The company has not come upfront itself to speak on this topic.  They have not yet clearly stated that they are opting for Actavis, AstraZeneca or any other option that comes their way. Joan Campion who is the spokesperson for Pfizer stated that, "evaluate all opportunities, regardless of size, through the lens of value creation for our shareholders and enhancing the competitiveness of our business.” Moreover other analysts and media reports have also listed down few other companies that can be a good option for Pfizer such as GlaxoSmithKline.
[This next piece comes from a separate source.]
(* Let $G$ be a finitely generated group hyperbolic relative to a finite collection $\mathcal P$, $S$ a finite generating set, and let $(\epsilon,R,D)$ be thin-triangle constants. Let $U$ be a finite subset of $V\cup W$ that is not a single element of $W$. Then any two elements $a,b$ of the quasi-centre of $U$ satisfy $|a,b|_S\le 4D$.
   Context: $\Gamma$ is the Cayley graph of $G$ w.r.t. $S$, $V=G$, $W$ the set of cosets $gP_\lambda$; relative hyperbolicity means the coned-off Cayley graph (vertex set $V\cup W$, edges of $\Gamma$ plus edges $(v,w)$ for $v\in w$) is fine and $\delta$-hyperbolic. $|\cdot,\cdot|_S$ is extended to $V\cup W$ via distances in $\Gamma$ between corresponding elements/cosets. For a geodesic edge-path $p=(p_j)_{j=0}^\ell$ in $\Gamma$, $p_i$ is $(\epsilon,R)$-deep in $w\in W$ if $R\le i\le\ell-R$ and $|p_j,w|_S\le\epsilon$ for all $|j-i|\le R$. A geodesic from $a\in V\cup W$ to $b\in V\cup W$ is a geodesic of length $|a,b|_S$ starting at $a$ (if $a\in V$) or in $a$ (if $a\in W$), and ending analogously at $b$; for $i>\ell$, $p_i:=p_\ell$. Positive integers $(\epsilon,R,D)$ are thin-triangle constants if: $D\ge\epsilon$; no vertex of a geodesic in $\Gamma$ is $(\epsilon,R)$-deep in two distinct cosets; and for all $a,b,c\in V\cup W$ with $a\ne b$, geodesics $p^{ab},p^{bc},p^{ac}$ from $a$ to $b$, $b$ to $c$, $a$ to $c$, $\ell=|a,b|_S$, $0\le i\le\ell$, setting $z=w$ if $p^{ab}_i$ is $(\epsilon,R)$-deep in $w$ and $z=p^{ab}_i$ otherwise, we have $|z,p^{ac}_i|_S\le D$ or $|z,p^{bc}_{\ell-i}|_S\le D$ (such constants exist). For finite $U\subset V\cup W$, the radius $\rho(U)$ is the least $\rho$ such that some $z\in V\cup W$ has $|z,u|_S\le\rho$ for all $u\in U$; the quasi-centre of $U$ is the set of $z\in V\cup W$ with $|z,u|_S\le\rho(U)$ for all $u\in U$. *)

theory Defs
  imports "HOL-Algebra.Algebra"
begin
Even Pfizer might opt for buying Allegan.
These deals might prove to be extremely fruitful for Pfizer stock since they have been struggling for a fairly long time and now need to come with something that would result as a game changer for them. Buying on a stable pharmaceutical might be just the right thing that needs to be done in order to give it the boost it needs. Pfizer is apparently doing the right thing by not focusing on one company as keeping options open will result in benefits in terms of making the right choice.
Hence in a nutshell, Pfizer will soon emerge out of all its miseries if it buys the right company which would not only add to their portfolio but assist it in sailing swiftly to the shore.